Ingram's injury hit his teammates hard because they knew he was taking a risk by coming back to school. The news was even tougher to take because the injury didn't originally seem so serious.

"It was heartbreaking to see that 'CI' was out for the year," Florida wide receiver Louis Murphy said. "He did it in one-on-ones and practiced the rest of the day. After he tore his ACL, he continued to run. It was in period four or five, and we had 18 [practice] periods that day."

Although Ingram hasn't played a down this season, his teammates say he remains a vital part of the team. Ingram commands enough respect that he was named a team captain even after suffering his season-ending injury.

Florida running back/punt returner Brandon James refers to Ingram as his big brother and credits him for helping the team overcome its early season loss to Ole Miss.

"With the early loss, everyone just had their heads down," James said. "He was kind of the guy who kept us in line."

Ingram wasn't initially comfortable in his new role as a non-playing contributor. Whenever he watched a game from the sidelines, he felt the temptation to get back in the huddle.

"The first game, I didn't even know what to do. I stayed out there the first half and got a little frustrated, so I went into the locker room and watched the second half inside," he said. "It was really tough."

Ingram eventually got used to it. He stayed with the team as much as possible by attending meetings and workouts. He also has rehabilitated his knee and watched it strengthen to the point that Florida coach Urban Meyer had to dismiss speculation that Ingram might play in the championship game.

Meyer said he couldn't risk Ingram getting hurt again just four months after undergoing knee surgery, though Ingram has indicated he will dress for the game.

"I'm at least close to 90-95 percent right now," Ingram said. "If I had maybe a week or two more where I could really practice with the team and go through the contact process that's the main thing I haven't done. I've been running routes at full speed, making cuts, doing drills and things like that. I feel really good. It's just the contact part."

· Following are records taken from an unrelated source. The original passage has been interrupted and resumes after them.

lemma rerouted_families_edge_disjoint:
  assumes disj: "V1 \<inter> V2 = {}"
    and P: "edge_disjoint_paths E v1 v2 P" "\<And>p e. p \<in> P \<Longrightarrow> e \<in> path_edges p \<Longrightarrow> crossing V1 V2 e"
    and P0: "P0 \<subseteq> P" "[v1, v2] \<notin> P0"
    and A: "edge_disjoint_paths E v1 v2 A"
      "\<And>q e. q \<in> A \<Longrightarrow> e \<in> path_edges q \<Longrightarrow> e \<subseteq> V2 \<or> (v1 \<in> e \<and> (\<exists>p\<in>P0. e \<in> path_edges p))"
    and B: "edge_disjoint_paths E v1 v2 B"
      "\<And>q e. q \<in> B \<Longrightarrow> e \<in> path_edges q \<Longrightarrow> e \<subseteq> V1 \<or> (v2 \<in> e \<and> (\<exists>p\<in>P0. e \<in> path_edges p))"
  shows "edge_disjoint_paths E v1 v2 (P - P0 \<union> A \<union> B)"
    and "card (P - P0 \<union> A \<union> B) = card (P - P0) + card A + card B"
proof -
  txt \<open>Edges available to the kept paths and to the two rerouted families.\<close>
  define EK where "EK = {e. crossing V1 V2 e \<and> (\<forall>p\<in>P0. e \<notin> path_edges p)}"
  define EA where "EA = Pow V2 \<union> {e. v1 \<in> e \<and> (\<exists>p\<in>P0. e \<in> path_edges p)}"
  define EB where "EB = Pow V1 \<union> {e. v2 \<in> e \<and> (\<exists>p\<in>P0. e \<in> path_edges p)}"
  have "crossing V1 V2 e \<and> \<not> (v1 \<in> e \<and> v2 \<in> e)" if "p \<in> P0" "e \<in> path_edges p" for p e
    using that P P0 path_edge_not_both_ends[of E v1 v2 p e] by (auto simp: edge_disjoint_paths_def)
  then have cut: "EK \<inter> EA \<subseteq> {{}}" "(EK \<union> EA) \<inter> EB \<subseteq> {{}}"
    using crossing_not_subset[OF _ disj] disj by (auto simp: EK_def EA_def EB_def)
  have P_disj: "disjoint_family_on path_edges P" using P(1) by (simp add: edge_disjoint_paths_def)
  then have K_disj: "disjoint_family_on path_edges (P - P0)"
    by (rule disjoint_family_on_mono[rotated]) blast
  have K_edges: "path_edges q \<subseteq> EK" if "q \<in> P - P0" for q
    using that P(2) P0(1) disjoint_family_onD[OF P_disj] unfolding EK_def by fastforce
  have nonempty: "path_edges q \<noteq> {}" if "q \<in> P - P0 \<union> A" for q
    using that P(1) A(1) by (auto simp: edge_disjoint_paths_def dest: path_between_edges_nonempty)
  have A_edges: "path_edges q \<subseteq> EA" if "q \<in> A" for q
    using A(2)[OF that] by (auto simp: EA_def)
  have B_edges: "path_edges q \<subseteq> EB" if "q \<in> B" for q
    using B(2)[OF that] by (auto simp: EB_def)
  have KA: "disjoint_family_on path_edges (P - P0 \<union> A)" "(P - P0) \<inter> A = {}"
    using edge_disjoint_Un[OF K_disj _ K_edges A_edges cut(1)] A(1) nonempty
    by (auto simp: edge_disjoint_paths_def)
  have "path_edges q \<subseteq> EK \<union> EA" if "q \<in> P - P0 \<union> A" for q
    using that K_edges A_edges by blast
  from edge_disjoint_Un[OF KA(1) _ this B_edges cut(2) nonempty] B(1)
  have KAB: "disjoint_family_on path_edges (P - P0 \<union> A \<union> B)" "(P - P0 \<union> A) \<inter> B = {}"
    by (auto simp: edge_disjoint_paths_def)
  with P(1) A(1) B(1) show "edge_disjoint_paths E v1 v2 (P - P0 \<union> A \<union> B)"
    by (auto simp: edge_disjoint_paths_def)
  show "card (P - P0 \<union> A \<union> B) = card (P - P0) + card A + card B"
    using KA(2) KAB(2) P(1) A(1) B(1) by (simp add: card_Un_disjoint edge_disjoint_paths_def)
qed

lemma reroute_crossing_paths:
  assumes fin: "finite V1" "finite V2" and disj: "V1 \<inter> V2 = {}" and v: "v1 \<in> V1" "v2 \<in> V2"
    and conn: "edge_connectivity_ge V1 (induced_edges E V1) (card P0)"
      "edge_connectivity_ge V2 (induced_edges E V2) (card P0)"
    and P: "edge_disjoint_paths E v1 v2 P" "\<And>p e. p \<in> P \<Longrightarrow> e \<in> path_edges p \<Longrightarrow> crossing V1 V2 e"
    and P0: "P0 \<subseteq> P" "[v1, v2] \<notin> P0" "disjoint_family_on interior P0"
  obtains Q where "edge_disjoint_paths E v1 v2 Q" "card Q = card (P - P0) + 2 * card P0"
proof -
  have P0_paths: "path_between E v1 v2 p \<and> p \<noteq> [v1, v2] \<and> (\<forall>e\<in>path_edges p. crossing V1 V2 e)"
    if "p \<in> P0" for p
    using that P P0 by (auto simp: edge_disjoint_paths_def)
  obtain A where A: "edge_disjoint_paths E v1 v2 A" "card A = card P0"
    "\<And>q e. q \<in> A \<Longrightarrow> e \<in> path_edges q \<Longrightarrow> e \<subseteq> V2 \<or> (v1 \<in> e \<and> (\<exists>p\<in>P0. e \<in> path_edges p))"
    using rerouted_paths_target_side[OF fin(2) conn(2) disj v P0_paths P0(3)] by blast
  obtain B where B: "edge_disjoint_paths E v1 v2 B" "card B = card P0"
    "\<And>q e. q \<in> B \<Longrightarrow> e \<in> path_edges q \<Longrightarrow> e \<subseteq> V1 \<or> (v2 \<in> e \<and> (\<exists>p\<in>P0. e \<in> path_edges p))"
    using rerouted_paths_source_side[OF fin(1) conn(1) disj v P0_paths P0(3)] by blast
  note families = disj P P0(1,2) A(1,3) B(1,3)
  have "edge_disjoint_paths E v1 v2 (P - P0 \<union> A \<union> B)"
    using families by (rule rerouted_families_edge_disjoint(1))
  moreover have "card (P - P0 \<union> A \<union> B) = card (P - P0) + card A + card B"
    using families by (rule rerouted_families_edge_disjoint(2))
  ultimately show thesis using A(2) B(2) by (intro that[of "P - P0 \<union> A \<union> B"]) simp_all
qed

Ingram said he has received an invitation to the East-West Shrine Game, but he hasn't decided whether to play in the Jan. 17 all-star game in Houston. He may instead just prepare for the Combine, which will go a long way toward determining whether Ingram can climb out of the draft's later rounds.

Ingram looks forward to showing NFL scouts that his health isn't an issue.

"If I do everything the right way, just live right and try to work out and take care of everything I have to take care of, I'm pretty sure God will bless me and everything will work out," Ingram said.